Single versus two doses of palonosetron for prevention of chemotherapy-induced nausea and vomiting in children: a double-blind placebo controlled randomized study.

This single-centre, double-blinded, placebo-controlled randomized study aimed to assess the efficacy of single versus two doses of palonosetron in the prevention of chemotherapy-induced nausea and vomiting (CINV). Children receiving multiple-day (scheduled for ≥3 days) moderately or highly emetogenic chemotherapy (MEC/HEC) were randomized to receive either a single (day 1) or two doses (days 1 and 4) of intravenous palonosetron, in addition to the standard antiemetic prophylaxis.
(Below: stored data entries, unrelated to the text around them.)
(* Let $(\mathcal{X},\mu)$ be a probability space without atoms. Let $\Psi:(0,1]\to\mathbb{R}_+$ satisfy the following: - $\Psi(1)>0$ and $\Psi$ is decreasing; - $\psi(s):=s\Psi(s)$ is increasing and $\psi(0_+)=0$; - $\int_0\frac{ds}{s\Psi(s)}<\infty$; - $t\mapsto\Psi(e^{-t})$ is convex near $\infty$. Then there exists a function $\alpha$ on $[1,\infty)$ such that $t\mapsto t\alpha(t)>0$ is increasing on $[1,\infty)$, $$\int_1^\infty\frac{dt}{t\alpha(t)}<\infty,$$ and $$\alpha\Big(\frac{\|f\|_*}{\|f\|_1}\Big)\|f\|_*\le\|f\|_{\Lambda_\psi}$$ for all measurable $f$ for which the left-hand side is defined.
   Context: Norms: for a measurable $f$ let $N_f(t)=\mu\{x:|f(x)|>t\}$ and $\|f\|_1=\int|f|\,d\mu$. The Lorentz norm is $$\|f\|_{\Lambda_\psi}=\int_0^\infty\psi(N_f(t))\,dt,$$ equivalently $\int_0^1f^*(s)\,d\psi(s)$, where $f^*$ is the decreasing rearrangement of $|f|$. The norm $\|f\|_*$ is $\|f\|_{\Lambda_{\psi_0}}$ with $\psi_0(s)=s\ln(e/s)$. Note that $\|f\|_*\ge\|f\|_1$. *)

theory Defs
  imports "HOL-Probability.Probability"
begin

definition atomless :: "'a measure \<Rightarrow> bool" where
  "atomless M \<longleftrightarrow> (\<forall>A\<in>sets M. 0 < emeasure M A \<longrightarrow>
      (\<exists>B\<in>sets M. B \<subseteq> A \<and> 0 < emeasure M B \<and> emeasure M B < emeasure M A))"

definition distr_fun :: "'a measure \<Rightarrow> ('a \<Rightarrow> real) \<Rightarrow> real \<Rightarrow> real" where
  "distr_fun M f t = measure M {x \<in> space M. \<bar>f x\<bar> > t}"

definition lorentz_norm :: "'a measure \<Rightarrow> (real \<Rightarrow> real) \<Rightarrow> ('a \<Rightarrow> real) \<Rightarrow> ennreal" where
  "lorentz_norm M \<psi> f = (\<integral>\<^sup>+ t. indicator {0..} t * ennreal (\<psi> (distr_fun M f t)) \<partial>lborel)"

definition L1_norm :: "'a measure \<Rightarrow> ('a \<Rightarrow> real) \<Rightarrow> ennreal" where
  "L1_norm M f = (\<integral>\<^sup>+ x. ennreal \<bar>f x\<bar> \<partial>M)"

definition psi0 :: "real \<Rightarrow> real" where
  "psi0 s = (if s = 0 then 0 else s * ln (exp 1 / s))"

definition star_norm :: "'a measure \<Rightarrow> ('a \<Rightarrow> real) \<Rightarrow> ennreal" where
  "star_norm M f = lorentz_norm M psi0 f"

end

theory Submission
  imports Defs
begin

text \<open>Write \<open>psi0 s = s u\<close> with \<open>u = 1 - ln s\<close>. Since \<open>\<Psi> (exp (1 - u))\<close> is convex and
  nondecreasing in \<open>u\<close> for large \<open>u\<close>, there is a convex nondecreasing \<open>\<beta> > 0\<close> on the reals with
  \<open>\<beta> (1 - ln s) \<le> \<Psi> s\<close> on \<open>(0, 1]\<close>, and \<open>\<integral>\<^sub>1\<^sup>\<infinity> 1 / \<beta>\<close> is finite because the substitution
  \<open>s = exp (1 - t)\<close> turns it into \<open>\<integral>\<^sub>0 1 / (s \<Psi> s)\<close>. A support line
  \<open>\<beta> u \<ge> \<beta> r + k (u - r)\<close> with \<open>k \<ge> 0\<close> gives \<open>\<beta> r s + k psi0 s \<le> s \<Psi> s + k r s\<close> for
  \<open>s \<in> [0, 1]\<close>. Putting \<open>s = N\<^sub>f(t)\<close> and integrating in \<open>t\<close> (layer cake) yields
  \<open>\<beta> r \<parallel>f\<parallel>\<^sub>1 + k \<parallel>f\<parallel>\<^sub>* \<le> \<parallel>f\<parallel>\<^sub>\<psi> + k r \<parallel>f\<parallel>\<^sub>1\<close>, and for \<open>r = \<parallel>f\<parallel>\<^sub>* / \<parallel>f\<parallel>\<^sub>1\<close> the
  \<open>k\<close>-terms cancel. Hence \<open>\<alpha> t = \<beta> t / t\<close> works.\<close>

lemma distr_fun_nonneg: "0 \<le> distr_fun M f t"
  by (simp add: distr_fun_def)

lemma (in prob_space) distr_fun_le_1: "distr_fun M f t \<le> 1"
  by (simp add: distr_fun_def)

lemma (in finite_measure) distr_fun_antimono:
  "f \<in> borel_measurable M \<Longrightarrow> s \<le> t \<Longrightarrow> distr_fun M f t \<le> distr_fun M f s"
  unfolding distr_fun_def by (intro finite_measure_mono) auto

lemma borel_measurable_antimono:
  fixes g :: "real \<Rightarrow> real"
  assumes "\<And>s t. s \<le> t \<Longrightarrow> g t \<le> g s"
  shows "g \<in> borel_measurable borel"
proof -
  have "(\<lambda>t. - g t) \<in> borel_measurable borel"
    using assms by (intro borel_measurable_mono monoI) simp
  then show ?thesis
    using borel_measurable_uminus[of "\<lambda>t. - g t" borel] by simp
qed

lemma (in finite_measure) borel_measurable_distr_fun:
  "f \<in> borel_measurable M \<Longrightarrow> distr_fun M f \<in> borel_measurable borel"
  by (intro borel_measurable_antimono distr_fun_antimono)

lemma (in prob_space) borel_measurable_mono_on_comp_distr_fun:
  fixes \<phi> :: "real \<Rightarrow> real"
  assumes "f \<in> borel_measurable M" and "mono_on {0..1} \<phi>"
  shows "(\<lambda>t. \<phi> (distr_fun M f t)) \<in> borel_measurable borel"
  using assms distr_fun_nonneg distr_fun_le_1
  by (intro borel_measurable_antimono mono_onD[OF assms(2)]) (auto intro: distr_fun_antimono)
The primary efficacy endpoint was the proportion of patients with complete response (CR) for CIV in acute phase. One-hundred children receiving 307 blocks of MEC/HEC were randomized to receive one (Group A; n = 51) or two doses (Group B; n = 49) of palonosetron. Proportion of children showing CR for CIV was significantly higher during acute phase in Group B (69.4% vs. 49.0%, p = 0.04). There was no difference in response during delayed phase in two groups. On univariate analysis, younger patient (<10 years), those with solid tumours, did not receive dexamethasone that had significantly higher odds for breakthrough vomiting in Group A. None of these factors retained significance in multivariate logistic regression analysis. Additional intravenous dose of palonosetron on day 4 is effective in controlling CIV during acute phase in children receiving multiple-day MEC/HEC.